The Technology Security Risk
Among financial institutions, Banks have been struggling to research, develop, assimilate and apply new technologies rapidly in response to their under-performing and outdated Core Banking Systems (CBS), which barely supports current key processes. With renewed pressure to tamp down costs, open the bank to API services and adjust to volatile conditions, fintech institutions currently have little confidence in their CBS to respond to regulatory requirements, clients as well as managing risk and keep up with technology. Fintech’s ambitious entrepreneurs, look for job-creation-seeking Governments, innovative technologies and high tech consumer demand markets.
Considered like a modern age gold rush, global investment in Fintech already surpasses $111 billion and is paving the way for new and bold organizations that can induce a much-needed financial innovation in financial services. Yet strangely there seems to be little direct discussion about whether the pressure on the Fintech industry has the required response from the perspective of technology security, regarding the near future.
Big technology firms and young Fintechs experience thousands of security attacks per year with a portion of those being serious and successful. However, they are still pressured and requested to widen their range of services and to grow rapidly, especially by governments, investors and the market. These young companies (on average with less than 10 years of existence) aren’t expected to possess the technological knowledge and experience of the Internet oriented Big Techs industry players. Yet, they are requested to deal with increasingly huge amounts of personal data and wealth. On another view, Fintechs typically do not always pass through the same internal bank IT department technology restrictions and tests (and if so, they tend to do it at a later stage) as these imply costs that are usually not supported at the beginning of their projects.
The question is whether these young technology firms can really safely handle these amounts of financial and personal data like the GAFAs do, especially when the industry witnesses an ever-increasing number of service channels, business offers and an even higher number of cyber-attacks.
Lastly, as more systems become connected, run by different entities, schemas, documentation and ways of working, the higher the risk of cyber vulnerabilities. A common source of such weaknesses includes the API interfaces between systems. Because two systems are not designed at the same time by the same developers, compatibility often poses issues and challenges in security, especially given the limitations of legacy technology.

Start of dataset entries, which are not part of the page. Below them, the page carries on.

lemma Fpow_subset:
  assumes "A \<subseteq> X" "f1 ` X \<subseteq> X" "f2 ` X \<subseteq> X"
  shows "Fpow f1 f2 n A \<subseteq> X"
  using assms by (induction n) (auto simp: Fpow_Suc Fimg_def image_subset_iff)

lemma Fpow_in_KX:
  assumes "finite A" "A \<in> KX X" "f1 ` X \<subseteq> X" "f2 ` X \<subseteq> X"
  shows "Fpow f1 f2 n A \<in> KX X"
  using assms finite_Fpow[OF assms(1)] Fpow_subset[of A X]
  by (simp add: KX_def finite_imp_compact)

lemma Fpow_in_Ran: "1 \<le> n \<Longrightarrow> x \<in> X \<Longrightarrow> Fpow f1 f2 n {x} \<in> Ran X f1 f2"
  unfolding Ran_def by blast

lemma finite_Ran: "B \<in> Ran X f1 f2 \<Longrightarrow> finite B"
  by (auto simp: Ran_def intro: finite_Fpow)

lemma Ran_subset_KX:
  assumes "f1 ` X \<subseteq> X" "f2 ` X \<subseteq> X"
  shows "Ran X f1 f2 \<subseteq> KX X"
proof
  fix B assume "B \<in> Ran X f1 f2"
  then obtain n x where "B = Fpow f1 f2 n {x}" "x \<in> X"
    by (auto simp: Ran_def)
  moreover have "{x} \<in> KX X"
    using \<open>x \<in> X\<close> by (simp add: KX_def)
  ultimately show "B \<in> KX X"
    using assms by (simp add: Fpow_in_KX)
qed

lemma hdist_commute: "hdist A B = hdist B A"
  by (simp add: hdist_def max.commute)

lemma hdist_refl: "A \<noteq> {} \<Longrightarrow> hdist A A = 0"
  by (simp add: hdist_def)

lemma hdist_singletons [simp]: "hdist {x} {y} = dist x y"
  by (simp add: hdist_def dist_commute)

lemma hdist_leI:
  fixes A B :: "'a::metric_space set"
  assumes "A \<noteq> {}" "B \<noteq> {}"
    and "\<And>a. a \<in> A \<Longrightarrow> \<exists>b\<in>B. dist a b \<le> r" and "\<And>b. b \<in> B \<Longrightarrow> \<exists>a\<in>A. dist b a \<le> r"
  shows "hdist A B \<le> r"
  using assms unfolding hdist_def
  by (auto intro!: cSUP_least intro: order_trans[OF infdist_le])

lemma infdist_le_hdist:
  fixes A B :: "'a::metric_space set"
  assumes "compact A" "a \<in> A"
  shows "infdist a B \<le> hdist A B"
proof -
  have "bdd_above ((\<lambda>a. infdist a B) ` A)"
    using assms(1) by (intro bounded_imp_bdd_above compact_imp_bounded compact_continuous_image
        continuous_on_infdist continuous_on_id)
  then have "infdist a B \<le> (SUP a\<in>A. infdist a B)"
    using assms(2) by (rule cSUP_upper2) simp
  then show ?thesis
    by (simp add: hdist_def)
qed

lemma infdist_le_hdist_add:
  fixes A B C :: "'a::metric_space set"
  assumes "compact A" "compact B" "B \<noteq> {}" "a \<in> A"
  shows "infdist a C \<le> hdist A B + hdist B C"
proof -
  have "infdist a C - hdist B C \<le> infdist a B"
    unfolding infdist_notempty[OF assms(3)]
  proof (rule cINF_greatest)
    fix b assume "b \<in> B"
    have "infdist b C \<le> hdist B C"
      using assms(2) \<open>b \<in> B\<close> by (rule infdist_le_hdist)
    with infdist_triangle[of a C b] show "infdist a C - hdist B C \<le> dist a b"
      by simp
  qed fact
  moreover have "infdist a B \<le> hdist A B"
    using assms(1,4) by (rule infdist_le_hdist)
  ultimately show ?thesis
    by simp
qed

lemma hdist_triangle:
  fixes A B C :: "'a::metric_space set"
  assumes "compact A" "compact B" "compact C" "A \<noteq> {}" "B \<noteq> {}" "C \<noteq> {}"
  shows "hdist A C \<le> hdist A B + hdist B C"
proof -
  have "(SUP a\<in>A. infdist a C) \<le> hdist A B + hdist B C"
    using assms by (intro cSUP_least) (auto intro: infdist_le_hdist_add)
  moreover have "(SUP c\<in>C. infdist c A) \<le> hdist C B + hdist B A"
    using assms by (intro cSUP_least) (auto intro: infdist_le_hdist_add)
  ultimately show ?thesis
    by (simp add: hdist_def hdist_commute[of C B] hdist_commute[of B A])
qed

lemma Fimg_singleton_continuous:
  assumes "continuous_on X f1" "continuous_on X f2" "x \<in> X" "\<delta> > 0"
  obtains \<eta> where "\<eta> > 0"
    and "\<And>u. u \<in> X \<Longrightarrow> dist u x < \<eta> \<Longrightarrow> hdist (Fimg f1 f2 {x}) (Fimg f1 f2 {u}) \<le> \<delta>"
proof -
  obtain \<eta>1 where "\<eta>1 > 0" and \<eta>1: "\<And>u. u \<in> X \<Longrightarrow> dist u x < \<eta>1 \<Longrightarrow> dist (f1 u) (f1 x) < \<delta>"
    using assms(1,3,4) unfolding continuous_on_iff by blast
  obtain \<eta>2 where "\<eta>2 > 0" and \<eta>2: "\<And>u. u \<in> X \<Longrightarrow> dist u x < \<eta>2 \<Longrightarrow> dist (f2 u) (f2 x) < \<delta>"
    using assms(2,3,4) unfolding continuous_on_iff by blast
  have "hdist (Fimg f1 f2 {x}) (Fimg f1 f2 {u}) \<le> \<delta>" if "u \<in> X" "dist u x < min \<eta>1 \<eta>2" for u
    using \<eta>1[of u] \<eta>2[of u] that unfolding Fimg_singleton
    by (intro hdist_leI) (auto simp: dist_commute)
  with \<open>\<eta>1 > 0\<close> \<open>\<eta>2 > 0\<close> show ?thesis
    by (intro that[of "min \<eta>1 \<eta>2"]) auto
qed

lemma open_in_Ran_hdist_ball:
  assumes "A \<in> Ran X f1 f2" "f1 ` X \<subseteq> X" "f2 ` X \<subseteq> X"
  shows "open_in_Ran X f1 f2 {B \<in> Ran X f1 f2. hdist A B < r}"
  unfolding open_in_Ran_def
proof (intro conjI ballI)
  fix B assume "B \<in> {B \<in> Ran X f1 f2. hdist A B < r}"
  then have B: "B \<in> Ran X f1 f2" "hdist A B < r"
    by simp_all
  have compact_nonempty: "compact C \<and> C \<noteq> {}" if "C \<in> Ran X f1 f2" for C
    using that Ran_subset_KX[OF assms(2,3)] by (auto simp: KX_def)
  show "\<exists>e>0. \<forall>B'\<in>Ran X f1 f2. hdist B B' < e \<longrightarrow> B' \<in> {B \<in> Ran X f1 f2. hdist A B < r}"
  proof (intro exI[of _ "r - hdist A B"] conjI ballI impI)
    fix B' assume B': "B' \<in> Ran X f1 f2" "hdist B B' < r - hdist A B"
    have "hdist A B' \<le> hdist A B + hdist B B'"
      using compact_nonempty[OF assms(1)] compact_nonempty[OF B(1)] compact_nonempty[OF B'(1)]
      by (intro hdist_triangle) auto
    with B' show "B' \<in> {B \<in> Ran X f1 f2. hdist A B < r}"
      by simp
  qed (use B in simp)
qed auto

lemma is_chain_via_orbit:
  assumes "x \<in> X" "u \<in> X" "A \<in> KX X" "2 \<le> n" "f1 ` X \<subseteq> X" "f2 ` X \<subseteq> X"
    and first_step: "hdist (Fimg f1 f2 {x}) (Fimg f1 f2 {u}) \<le> \<delta>"
    and last_step: "hdist (Fpow f1 f2 n {u}) A \<le> \<delta>"
    and "\<delta> \<ge> 0"
  shows "is_chain X f1 f2 \<delta> x A n (\<lambda>i. if i = 0 then {x} else if i < n then Fpow f1 f2 i {u} else A)"
    (is "is_chain X f1 f2 \<delta> x A n ?C")
  unfolding is_chain_def
proof (intro conjI allI impI)
  fix i
  show "?C i \<in> KX X" if "i \<le> n"
    using assms Fpow_in_KX[of "{u}" X] by (auto simp: KX_def)
  show "hdist (Fimg f1 f2 (?C i)) (?C (Suc i)) \<le> \<delta>" if "i < n"
  proof -
    consider "i = 0" | "0 < i" "Suc i < n" | "0 < i" "Suc i = n"
      using \<open>i < n\<close> by linarith
    then show ?thesis
    proof cases
      case 1
      with first_step \<open>2 \<le> n\<close> show ?thesis
        by (simp add: Fpow_Suc)
    next
      case 2
      then show ?thesis
        using hdist_refl[of "Fpow f1 f2 (Suc i) {u}"] \<open>\<delta> \<ge> 0\<close> by (simp add: Fpow_Suc)
    next
      case 3
      with last_step show ?thesis
        by (auto simp: Fpow_Suc simp del: Fpow_0)
    qed
  qed
qed (use \<open>2 \<le> n\<close> in auto)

The future of fintech will require security
Fintechs are deliberately and rapidly exposing their services and wealth to their intentions to innovate, to lower costs, fund new businesses and take risks. Contradictorily the industry is expecting them to be safer and more prudent than before. The result is an enormous amount of financial data being transferred to or passed by young Fintech companies based on young professionals that don’t have the empirical experience of traditional banks or the technological know-how of big ecommerce players.
Although there has been an increasing number of security issues and losses within the industry, this fintech innovation speed doesn’t seem to slow down. This scenario entails security challenges for the near future which continue in many cases to be either underestimated, misjudged or ignored. The future of Security in Fintech starts today with the discussion of these matters in all platforms possible and must be in the front row of decisions from Governments, Financial Institutions and Fintechs.